C. Authorized Agents May be Required to Provide Proof of Authorization
The Final Regulations currently allow businesses to require consumers to provide the business with signed permission before an authorized agent can submit a request to know or request to delete on the consumer’s behalf. The Proposed Regulations would delete this provision and instead include a provision that would permit businesses to require authorized agents to provide “proof” that the consumer gave the authorized agent signed permission to submit requests to know and requests to delete on behalf of the consumer.
D. Key Takeaways from the Proposed Regulations
In the near term, businesses will want to consider the Proposed Regulations in conjunction with the CPRA to assess where there may be common ground and the potential that the AG’s interpretation of the CCPA could be updated by the Proposed Amendments. In particular, businesses will want to:
- Review offline data collection (including over the phone, or via mail) of information belonging to California residents. If such information is sold, start thinking about how to deliver a Notice of Right to Opt-Out in an offline format;
- Review the language used in the Notice of Right to Opt-Out to ensure it is not misleading and consider now if it would be possible to implement a combined notice of right to limit sharing of sensitive data and right to opt out of sale (as the CPRA seems to permit);
- Revisit processes for submitting opt-outs and opt-ins to ensure that those processes would meet the requirements for ease, accessibility and “number of clicks” that are set forth in the Proposed Regulations, and begin thinking about modifications to the process if it does not meet the proposed standards; and
- Consider whether the company is positioned to revise its public-facing CCPA disclosures if the Proposed Regulations are adopted.

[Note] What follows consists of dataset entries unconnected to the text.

lemma mean_kernel_diff_le:
  fixes r s x y B :: real
  assumes "0 \<le> s" "0 < r" "r < x" and y: "\<bar>y\<bar> \<le> B * x\<^sup>2"
  shows "\<bar>y / ((x\<^sup>2 - r\<^sup>2) powr s * x) - y / x powr (1 + 2 * s)\<bar>
           \<le> B * (x * (x\<^sup>2 - r\<^sup>2) powr (- s) - x powr (1 - 2 * s))"
proof -
  have x: "0 < x" "0 < x\<^sup>2 - r\<^sup>2" using assms by (auto simp: power_strict_mono)
  define k where "k = 1 / ((x\<^sup>2 - r\<^sup>2) powr s * x) - 1 / x powr (1 + 2 * s)"
  have "x\<^sup>2 / ((x\<^sup>2 - r\<^sup>2) powr s * x) = x * (x\<^sup>2 - r\<^sup>2) powr (- s)"
    using x by (simp add: powr_minus divide_simps power2_eq_square)
  moreover have "x\<^sup>2 / x powr (1 + 2 * s) = x powr (1 - 2 * s)"
    using x by (simp add: power2_div_powr)
  ultimately have xk: "x\<^sup>2 * k = x * (x\<^sup>2 - r\<^sup>2) powr (- s) - x powr (1 - 2 * s)"
    by (simp add: k_def right_diff_distrib)
  then have "0 \<le> x\<^sup>2 * k"
    using powr_le_mean_kernel[of s r x] assms by simp
  then have "0 \<le> k"
    using x by (simp add: zero_le_mult_iff)
  have "y / ((x\<^sup>2 - r\<^sup>2) powr s * x) - y / x powr (1 + 2 * s) = y * k"
    by (simp add: k_def right_diff_distrib)
  then have "\<bar>y / ((x\<^sup>2 - r\<^sup>2) powr s * x) - y / x powr (1 + 2 * s)\<bar> = \<bar>y\<bar> * k"
    using \<open>0 \<le> k\<close> by (simp add: abs_mult)
  also have "\<dots> \<le> B * x\<^sup>2 * k"
    using y \<open>0 \<le> k\<close> by (rule mult_right_mono)
  also have "\<dots> = B * (x * (x\<^sup>2 - r\<^sup>2) powr (- s) - x powr (1 - 2 * s))"
    by (simp only: mult.assoc xk)
  finally show ?thesis .
qed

As seen with California’s early adoption of its data breach law, “as goes California, so goes the country.” As a result, the CPRA, in addition to having already influenced state law, is likely to influence comprehensive federal privacy legislation put forward by the newly elected Biden administration. Therefore, companies will want to stay informed and remain agile in their approaches to complying with California’s evolving privacy legal landscape. We will provide further updates as the status of the Proposed Regulations and the scope and impact of the CPRA come into sharper focus.